Тремя годами позже в странах Восточной Европы рухнул социалистический строй. В летние каникулы 1991 года я со своей подружкой Луизой путешествовал по этим странам, а потом мы перебрались в Советский Союз. По удивительному совпадению, мы прибыли в Ленинград вечером 19 августа 1991 года — в день путча, организованного противниками Горбачева, приверженцами жесткой партийной линии, — путча, ознаменовавшего окончательное крушение КПСС. Утром мы увидели на экране телевизора суровое лицо генерала Самсонова, начальника ленинградского гарнизона, который предупредил горожан о запрете собираться в группы больше трех человек. Днем позже я стоял на балконе Зимнего дворца и видел заполненную людьми Дворцовую площадь — целое море голов с плакатами над ними. Недалеко от Исаакиевской площади мы помогали студентам сооружать баррикады из скамеек и металлических балок. На следующий день Невский проспект, сколько мог видеть глаз, был заполнен толпой: полмиллиона людей вышли протестовать против режима, который на протяжении трех поколений контролировал каждый их шаг. Демонстранты несли плакаты, где в разных сочетаниях повторялись слова «Свобода» и «Демократия». В тот же день в Москве Борис Ельцин вышел из Белого дома — резиденции правительства — и, взобравшись на танк, обратился с речью к тысячам защитников Белого дома. Это был исторический момент, и хотя мы в Ленинграде не могли его видеть, потому что государственное телевидение оказалось в руках путчистов, это означало конец семидесятичетырехлетней власти коммунистов. В тот же вечер после неудачной попытки преданных КГБ войск взять штурмом Белый дом путч был подавлен.

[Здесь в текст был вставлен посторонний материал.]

(* Let $n$ be even and $F\colon\mathbb F_2^n\to\mathbb F_2^n$ a quadratic APN function with linearity $2^{\frac{n+k}{2}}$ with $k\le n/2$. Write $n=sk+r$ with integers $s,r$, $0\le r<k$. If $k\mid n$ then $|N_F|\ge\frac{2^n-1}{2^k-1}$, and if $k\nmid n$ then $|N_F|\ge 1+2^{\lceil\frac{k+r}{2}\rceil}+2^{k+r}\sum_{i=0}^{s-2}2^{ik}$.
   Context: $\langle\cdot,\cdot\rangle$ is the standard dot product. $F$ is APN if for every $a\ne0$ and $c$, $F(x)+F(x+a)=c$ has at most 2 solutions; quadratic if each component $F_b(x)=\langle b,F(x)\rangle$ is a quadratic form plus an affine function. $W_F(b,a)=\sum_x(-1)^{F_b(x)+\langle x,a\rangle}$; linearity $L(F)=\max_{a,\,b\neq0}|W_F(b,a)|$. $F_b$ is bent if $|W_F(b,a)|=2^{n/2}$ for all $a$. $N_F=\{b\in\mathbb F_2^n\setminus\{0\}\colon F_b\text{ not bent}\}$. *)

theory Defs
  imports Complex_Main
begin

text \<open>Vectors of F_2^n are represented as boolean lists of length n
  (True = 1, False = 0); addition is componentwise XOR.\<close>

definition vecs :: "nat \<Rightarrow> bool list set" where
  "vecs n = {x. length x = n}"

definition vzero :: "nat \<Rightarrow> bool list" where
  "vzero n = replicate n False"

definition vadd :: "bool list \<Rightarrow> bool list \<Rightarrow> bool list" where
  "vadd x y = map2 (\<lambda>u v. u \<noteq> v) x y"

definition dotp :: "bool list \<Rightarrow> bool list \<Rightarrow> bool" where
  "dotp x y = odd (card {i. i < length x \<and> i < length y \<and> x ! i \<and> y ! i})"

definition component :: "(bool list \<Rightarrow> bool list) \<Rightarrow> bool list \<Rightarrow> bool list \<Rightarrow> bool" where
  "component F b x = dotp b (F x)"

definition maps_into :: "nat \<Rightarrow> (bool list \<Rightarrow> bool list) \<Rightarrow> bool" where
  "maps_into n F \<longleftrightarrow> (\<forall>x\<in>vecs n. F x \<in> vecs n)"

definition is_APN :: "nat \<Rightarrow> (bool list \<Rightarrow> bool list) \<Rightarrow> bool" where
  "is_APN n F \<longleftrightarrow> (\<forall>a\<in>vecs n. a \<noteq> vzero n \<longrightarrow> (\<forall>c\<in>vecs n.
      card {x\<in>vecs n. vadd (F x) (F (vadd x a)) = c} \<le> 2))"

definition quad_form :: "nat \<Rightarrow> (nat \<Rightarrow> nat \<Rightarrow> bool) \<Rightarrow> bool list \<Rightarrow> bool" where
  "quad_form n c x = odd (card {(i,j). i \<le> j \<and> j < n \<and> c i j \<and> x ! i \<and> x ! j})"

definition affine_fun :: "nat \<Rightarrow> (nat \<Rightarrow> bool) \<Rightarrow> bool \<Rightarrow> bool list \<Rightarrow> bool" where
  "affine_fun n a e x = (odd (card {i. i < n \<and> a i \<and> x ! i}) \<noteq> e)"

definition is_quadratic :: "nat \<Rightarrow> (bool list \<Rightarrow> bool list) \<Rightarrow> bool" where
  "is_quadratic n F \<longleftrightarrow> (\<forall>b\<in>vecs n. \<exists>c a e. \<forall>x\<in>vecs n.
      component F b x = (quad_form n c x \<noteq> affine_fun n a e x))"

definition walsh :: "nat \<Rightarrow> (bool list \<Rightarrow> bool list) \<Rightarrow> bool list \<Rightarrow> bool list \<Rightarrow> int" where
  "walsh n F b a = (\<Sum>x\<in>vecs n. (-1) ^ (if component F b x \<noteq> dotp x a then 1 else 0))"

definition linearity :: "nat \<Rightarrow> (bool list \<Rightarrow> bool list) \<Rightarrow> int" where
  "linearity n F = Max {\<bar>walsh n F b a\<bar> | a b. a \<in> vecs n \<and> b \<in> vecs n \<and> b \<noteq> vzero n}"

definition is_bent_comp :: "nat \<Rightarrow> (bool list \<Rightarrow> bool list) \<Rightarrow> bool list \<Rightarrow> bool" where
  "is_bent_comp n F b \<longleftrightarrow> (\<forall>a\<in>vecs n. \<bar>real_of_int (walsh n F b a)\<bar> = 2 powr (real n / 2))"

definition NF :: "nat \<Rightarrow> (bool list \<Rightarrow> bool list) \<Rightarrow> bool list set" where
  "NF n F = {b\<in>vecs n. b \<noteq> vzero n \<and> \<not> is_bent_comp n F b}"

end

(*
  For quadratic F every component F_b has a linear space V_b, the radical of its (bilinear)
  second derivative, and W_F(b,a)^2 is either 0 or 2^n |V_b|. Hence F_b is bent iff V_b = 0,
  and the linearity hypothesis gives |V_b| <= 2^k. For APN F every a <> 0 lies in V_b for
  exactly one b <> 0, so the spaces V_b with b in N_F form a partition of F_2^n into subspaces
  of dimension at most k with exactly |N_F| blocks; counting points already gives
  |N_F| (2^k - 1) >= 2^n - 1.
  If n = sk + r with 0 < r < k, write |N_F| = 1 + S + D (base_count and excess below) with
  S = 2^(k+r) (1 + 2^k + ... + 2^((s-2)k)).
  Counting the blocks contained in a hyperplane shows that the total size of the blocks of size
  below 2^k contained in it is congruent to D modulo 2^k. Averaging this quantity over all
  hyperplanes, and over the hyperplanes containing one such block, forces D >= 2^ceil((k+r)/2).
*)

theory Submission
  imports Defs "HOL-Computational_Algebra.Primes"
begin

lemma in_vecs_iff [simp]: "x \<in> vecs n \<longleftrightarrow> length x = n"
  by (simp add: vecs_def)

lemma length_vadd [simp]: "length (vadd x y) = min (length x) (length y)"
  by (simp add: vadd_def)

lemma nth_vadd [simp]: "i < length x \<Longrightarrow> i < length y \<Longrightarrow> vadd x y ! i = (x ! i \<noteq> y ! i)"
  by (simp add: vadd_def)

lemma length_vzero [simp]: "length (vzero n) = n"
  by (simp add: vzero_def)

lemma nth_vzero [simp]: "i < n \<Longrightarrow> vzero n ! i = False"
  by (simp add: vzero_def)

lemma vzero_in_vecs: "vzero n \<in> vecs n"
  by simp

lemma vadd_commute: "vadd x y = vadd y x"
  unfolding vadd_def by (rule nth_equalityI) auto

lemma vadd_self [simp]: "length x = n \<Longrightarrow> vadd x x = vzero n"
  by (rule nth_equalityI) auto

lemma vadd_vzero_right [simp]: "length x = n \<Longrightarrow> vadd x (vzero n) = x"
  by (rule nth_equalityI) auto

lemma vadd_vzero_left [simp]: "length x = n \<Longrightarrow> vadd (vzero n) x = x"
  by (rule nth_equalityI) auto

lemma vadd_vadd_cancel: "length x = length y \<Longrightarrow> vadd (vadd x y) y = x"
  by (rule nth_equalityI) auto

lemma vadd_vadd_cancel_left: "length x = length y \<Longrightarrow> vadd y (vadd y x) = x"
  by (rule nth_equalityI) auto

lemma vadd_eq_vzero_iff: "length x = n \<Longrightarrow> length y = n \<Longrightarrow> vadd x y = vzero n \<longleftrightarrow> x = y"
  by (auto simp: list_eq_iff_nth_eq)

lemma finite_vecs [simp]: "finite (vecs n)"
  using finite_lists_length_eq[of "UNIV :: bool set" n] by (simp add: vecs_def)

lemma card_vecs [simp]: "card (vecs n) = 2 ^ n"
  using card_lists_length_eq[of "UNIV :: bool set" n] by (simp add: vecs_def)

lemma card_nonzero_vecs: "int (card (vecs n - {vzero n})) = 2 ^ n - 1"
  by simp

lemma finite_subset_vecs: "X \<subseteq> vecs n \<Longrightarrow> finite X"
  using finite_subset finite_vecs by blast

lemma odd_card_filter_insert:
  "finite A \<Longrightarrow> a \<notin> A \<Longrightarrow>
    odd (card {x \<in> insert a A. P x}) = (P a \<noteq> odd (card {x \<in> A. P x}))"
proof -
  assume "finite A" "a \<notin> A"
  moreover have "{x \<in> insert a A. P x} = (if P a then insert a {x \<in> A. P x} else {x \<in> A. P x})"
    by auto
  ultimately show ?thesis
    by simp
qed

lemma odd_card_filter_xor:
  "finite A \<Longrightarrow>
    odd (card {x \<in> A. P x \<noteq> Q x}) = (odd (card {x \<in> A. P x}) \<noteq> odd (card {x \<in> A. Q x}))"
proof (induction A rule: finite_induct)
  case (insert a A)
  show ?case
    by (simp only: odd_card_filter_insert[OF insert.hyps] insert.IH) auto
qed simp

lemma dotp_eq_odd_card:
  "length b = n \<Longrightarrow> length x = n \<Longrightarrow> dotp b x = odd (card {i \<in> {..<n}. b ! i \<and> x ! i})"
  unfolding dotp_def by simp

lemma dotp_commute: "dotp x y = dotp y x"
  unfolding dotp_def by (simp add: conj_commute conj_left_commute)

lemma dotp_vadd_right:
  assumes "length b = n" "length x = n" "length y = n"
  shows "dotp b (vadd x y) = (dotp b x \<noteq> dotp b y)"
proof -
  have "{i \<in> {..<n}. b ! i \<and> vadd x y ! i} = {i \<in> {..<n}. (b ! i \<and> x ! i) \<noteq> (b ! i \<and> y ! i)}"
    using assms by auto
  then show ?thesis
    using assms
    by (simp only: dotp_eq_odd_card length_vadd min.idem odd_card_filter_xor finite_lessThan)
qed

lemma dotp_vadd_left:
  "length b = n \<Longrightarrow> length x = n \<Longrightarrow> length y = n \<Longrightarrow> dotp (vadd x y) b = (dotp x b \<noteq> dotp y b)"
  using dotp_vadd_right dotp_commute by metis
(* Let $h:\mathbb{R}_{\geq0}\times\mathbb{R}^n\to\mathbb{R}_{\geq0}$ be continuous and $K\subset\mathbb{R}^n$ closed. Assume (i) $h$ is positive definite with respect to $K$ uniformly in $t$: for all $t\ge0$ and $x\in\mathbb{R}^n$, $h(t,x)=0$ if and only if $x\in K$; (ii) $t\mapsto h(t,x)$ is nonincreasing for each $x\in\mathbb{R}^n$. Then for every compact set $\mathcal{I}\subset\mathbb{R}^n$ with $\mathcal{I}\cap K=\emptyset$ there exists a continuous $g:\mathbb{R}_{\geq0}\times\mathcal{I}\to\mathbb{R}_{\geq0}$ such that (1) $g$ is of class $\mathcal{C}^1$ on $\mathbb{R}_{\geq0}\times\operatorname{int}(\mathcal{I})$; (2) $\tfrac12 h(t,x)\le g(t,x)\le 2h(t,x)$ for all $(t,x)\in\mathbb{R}_{\geq0}\times\mathcal{I}$; (3) $t\mapsto g(t,x)$ is nonincreasing for each $x\in\mathcal{I}$. *)

theory Defs
  imports "HOL-Analysis.Analysis"
begin

definition C1_on :: "'a::euclidean_space set \<Rightarrow> ('a \<Rightarrow> real) \<Rightarrow> bool" where
  "C1_on S f \<longleftrightarrow>
     (\<exists>D :: 'a \<Rightarrow> ('a \<Rightarrow>\<^sub>L real).
        (\<forall>z\<in>S. (f has_derivative blinfun_apply (D z)) (at z within S)) \<and> continuous_on S D)"

end

theory Submission
  imports Defs
begin

(* Choose times 0 = t_0 < t_1 < ... tending to infinity so densely that h(t_(j+1), .) >= 3/4 h(t_j, .)
   on I; this is possible by uniform continuity of h on compact pieces [0, T] x I, where h is
   bounded away from 0. Stone-Weierstrass gives polynomials p_j with h(t_j, .) <= p_j <= 4/3 h(t_j, .)
   on I, and slightly rescaled targets make them nonincreasing in j. Blending p_j into p_(j+1) over
   [t_j, t_(j+1)] with a C^1 step function yields a C^1 function g of (t, x) that is nonincreasing
   in t and lies between p_(j+1) and p_j there, hence, as h is nonincreasing in t, between
   h(t, .) / 2 and 2 h(t, .). *)

section \<open>\<open>C\<^sup>1\<close> functions on the whole space\<close>

lemma C1_on_subset:
  assumes "C1_on T f" "S \<subseteq> T"
  shows "C1_on S f"
proof -
  from assms(1) obtain D where "\<forall>z\<in>T. (f has_derivative blinfun_apply (D z)) (at z within T)"
    and "continuous_on T D"
    unfolding C1_on_def by blast
  with assms(2) show ?thesis
    unfolding C1_on_def by (blast intro: has_derivative_subset continuous_on_subset)
qed

lemma C1_on_UNIV_iff:
  "C1_on UNIV f \<longleftrightarrow>
     (\<exists>D. (\<forall>z. (f has_derivative blinfun_apply (D z)) (at z)) \<and> continuous_on UNIV D)"
  by (simp add: C1_on_def)

lemma C1_on_UNIV_imp_continuous_on: "C1_on UNIV f \<Longrightarrow> continuous_on UNIV f"
  unfolding C1_on_UNIV_iff by (metis continuous_at_imp_continuous_on has_derivative_continuous)
lemma graphical_instance_chord_valuation: "graphical_instance V E (chord_valuation c j)"
proof -
  have "chord_valuation c j x X = chord_valuation c j x (X \<inter> incident_edges E x)"
    if "X \<subseteq> E" for x X
    using that by (auto simp: chord_valuation_def incident_edges_def matching_edge_def)
  moreover have "chord_valuation c j x X \<le> chord_valuation c j x Y" if "X \<subseteq> Y" for x X Y
    using that by (auto simp: chord_valuation_def)
  moreover have "0 \<le> chord_valuation c j x X" for x X
    by (simp add: chord_valuation_def)
  ultimately show ?thesis unfolding graphical_instance_def by blast
qed

locale cycle_with_even_chord =
  fixes V :: "'v set" and E :: "'v set set" and c :: "nat \<Rightarrow> 'v" and K j :: nat
  assumes c_eq_iff: "c a = c b \<longleftrightarrow> int (2*K) dvd (int a - int b)"
    and cycle_edge: "{c i, c (Suc i)} \<in> E"
    and c_in_V: "c i \<in> V"
    and chord_in_E: "{c 0, c (2*j)} \<in> E"
    and j_pos: "0 < j" and j_less_K: "j < K"
begin

abbreviation chord :: "'v set" where "chord \<equiv> {c 0, c (2*j)}"

lemma c_periodic: "c (i + 2*K) = c i"
  using c_eq_iff by simp

lemma c_Suc_neq: "c (Suc i) \<noteq> c i"
proof -
  have "\<not> int (2*K) dvd 1" using j_less_K by (simp add: zdvd_not_zless)
  then show ?thesis using c_eq_iff[of "Suc i" i] by simp
qed

lemma c_Suc_Suc_neq: "c (Suc (Suc i)) \<noteq> c i"
proof -
  have "\<not> int (2*K) dvd 2" using j_pos j_less_K by (simp add: zdvd_not_zless)
  then show ?thesis using c_eq_iff[of "Suc (Suc i)" i] by simp
qed

lemma c_odd_neq_even: "c (Suc (2*k)) \<noteq> c (2*l)"
proof -
  have "\<not> int (2*K) dvd (int (Suc (2*k)) - int (2*l))"
  proof
    assume "int (2*K) dvd (int (Suc (2*k)) - int (2*l))"
    then have "2 dvd (int (Suc (2*k)) - int (2*l))"
      by (metis dvd_mult_left of_nat_mult of_nat_numeral)
    then show False by presburger
  qed
  then show ?thesis using c_eq_iff by blast
qed

lemma chord_ends_neq: "c 0 \<noteq> c (2*j)"
proof -
  have "\<not> int (2*K) dvd int (2*j)" using j_pos j_less_K by (auto dest: zdvd_imp_le)
  then show ?thesis using c_eq_iff[of 0 "2*j"] by simp
qed

lemma matching_edge_in_E: "matching_edge c k \<in> E"
  using cycle_edge by (simp add: matching_edge_def)

lemma matching_edge_periodic: "matching_edge c (k + K) = matching_edge c k"
  using c_periodic[of "2*k"] c_periodic[of "Suc (2*k)"]
  by (simp add: matching_edge_def algebra_simps)

lemma matching_edge_unique:
  assumes "x \<in> matching_edge c k" "x \<in> matching_edge c l"
  shows "matching_edge c l = matching_edge c k"
proof -
  have "c (2*k) = c (2*l) \<longleftrightarrow> c (Suc (2*k)) = c (Suc (2*l))" using c_eq_iff by simp
  then show ?thesis
    using assms c_odd_neq_even c_odd_neq_even[THEN not_sym] by (auto simp: matching_edge_def)
qed

lemma chord_not_cycle_edge: "chord \<noteq> {c i, c (Suc i)}"
proof
  assume chord: "chord = {c i, c (Suc i)}"
  have "\<exists>m. i = 2*m \<or> i = Suc (2*m)" by presburger
  then obtain m where "i = 2*m \<or> i = Suc (2*m)" by blast
  then have "c (Suc (2*m)) \<in> chord" using chord by auto
  then show False using c_odd_neq_even[of m 0] c_odd_neq_even[of m j] by auto
qed

lemma chord_not_matching_edge: "chord \<noteq> matching_edge c k"
  using chord_not_cycle_edge[of "2*k"] by (simp add: matching_edge_def)

end

locale EFX_on_cycle_with_even_chord = cycle_with_even_chord V E c K j
  for V :: "'v set" and E c K j +
  fixes h :: "'v set \<Rightarrow> 'v"
  assumes EFX: "EFX_orientation V E (chord_valuation c j) h"
begin

abbreviation bnd :: "'v \<Rightarrow> 'v set set" where "bnd \<equiv> bundle_of E h"
abbreviation f :: "'v \<Rightarrow> 'v set set \<Rightarrow> real" where "f \<equiv> chord_valuation c j"

lemma head_in_edge: "g \<in> E \<Longrightarrow> h g \<in> g"
  using EFX by (auto simp: EFX_orientation_def orientation_def)

lemma EFX_le: "x \<in> V \<Longrightarrow> y \<in> V \<Longrightarrow> g \<in> bnd y \<Longrightarrow> f x (bnd y - {g}) \<le> f x (bnd x)"
  using EFX by (auto simp: EFX_orientation_def)

lemma in_bundle_iff: "g \<in> bnd y \<longleftrightarrow> g \<in> E \<and> h g = y"
  by (simp add: bundle_of_def)

lemma value_less_3:
  assumes "x \<in> matching_edge c k" "h (matching_edge c k) \<noteq> x"
  shows "f x (bnd x) < 3"
proof -
  have "\<not> (\<exists>l. matching_edge c l \<in> bnd x \<and> x \<in> matching_edge c l)"
    using matching_edge_unique[OF assms(1)] assms(2) in_bundle_iff by metis
  then show ?thesis by (simp add: chord_valuation_def)
qed

text \<open>Whoever holds a matching edge holds nothing else: the other end values the matching
  edge at 3 but its own bundle below 3, and EFX lets it remove any other edge from the holder.\<close>
lemma holder_bundle: "bnd (h (matching_edge c k)) = {matching_edge c k}"
proof -
  define g where "g = matching_edge c k"
  define y where "y = h g"
  have g: "g \<in> E" "g \<in> bnd y"
    using matching_edge_in_E by (simp_all add: g_def y_def in_bundle_iff)
  obtain x where x: "x \<in> g" "x \<noteq> y"
    using c_Suc_neq[of "2*k"] by (auto simp: g_def matching_edge_def)
  have V: "x \<in> V" "y \<in> V"
    using x head_in_edge[OF g(1)] c_in_V by (auto simp: g_def y_def matching_edge_def)
  have "f x (bnd x) < 3" using value_less_3 x by (simp add: g_def y_def)
  moreover have "f x (bnd y - {g'}) = 3" if "g' \<in> bnd y" "g' \<noteq> g" for g'
    using that g x by (auto simp: chord_valuation_def g_def)
  ultimately have "g' = g" if "g' \<in> bnd y" for g'
    using that EFX_le[OF V] by fastforce
  then show ?thesis using g by (auto simp: g_def y_def)
qed

definition odd_end_holds :: "nat \<Rightarrow> bool" where
  "odd_end_holds k \<longleftrightarrow> h (matching_edge c k) = c (Suc (2*k))"

lemma even_end_holds: "\<not> odd_end_holds k \<Longrightarrow> h (matching_edge c k) = c (2*k)"
  using head_in_edge[OF matching_edge_in_E[of k]]
  by (auto simp: odd_end_holds_def matching_edge_def)

lemma link_edge_head:
  assumes "odd_end_holds k"
  shows "h {c (Suc (2*k)), c (Suc (Suc (2*k)))} = c (Suc (Suc (2*k)))"
proof -
  let ?l = "{c (Suc (2*k)), c (Suc (Suc (2*k)))}"
  have "?l \<noteq> matching_edge c k"
    using c_Suc_Suc_neq[of "2*k"] c_Suc_neq[of "Suc (2*k)"] by (auto simp: matching_edge_def)
  then have "?l \<notin> bnd (c (Suc (2*k)))"
    using holder_bundle[of k] assms by (simp add: odd_end_holds_def)
  then show ?thesis using head_in_edge[of ?l] cycle_edge by (auto simp: in_bundle_iff)
qed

Известно, что огромные скопления людей становятся словно единым организмом, согласованно думающим и действующим. Насколько я понял, воодушевляющей силой этой громадной санкт-петербургской толпы было мощное ощущение своей правоты и сознания, что история на нашей стороне, подкрепленного типично советским наивным доводом — на сей раз все очень просто: мы правы, а коммунизм — не прав. В тот день я испытывал огромное счастье. Может быть, думал я, эти сотни тысяч людей, вышедших на улицы, чтобы покончить с системой, погубившей миллионы людей во имя так и не наступившего светлого будущего, навсегда освободят Россию от бесконечных страданий и бедствий. Правда, в последующие годы большинству участников тех августовских демонстраций суждено было испытать горькое разочарование в плодах демократии. Но для множества ровесников моих родителей, как и для пострадавшей от сталинизма Ленины, крушение советской системы навсегда останется настоящим чудом. Одна давняя подруга прислала моей матери почтовую открытку: «Неужели дожили?!» — замечательно сжатая русская фраза, означающая: «Может ли быть, что это произошло при нашей жизни?»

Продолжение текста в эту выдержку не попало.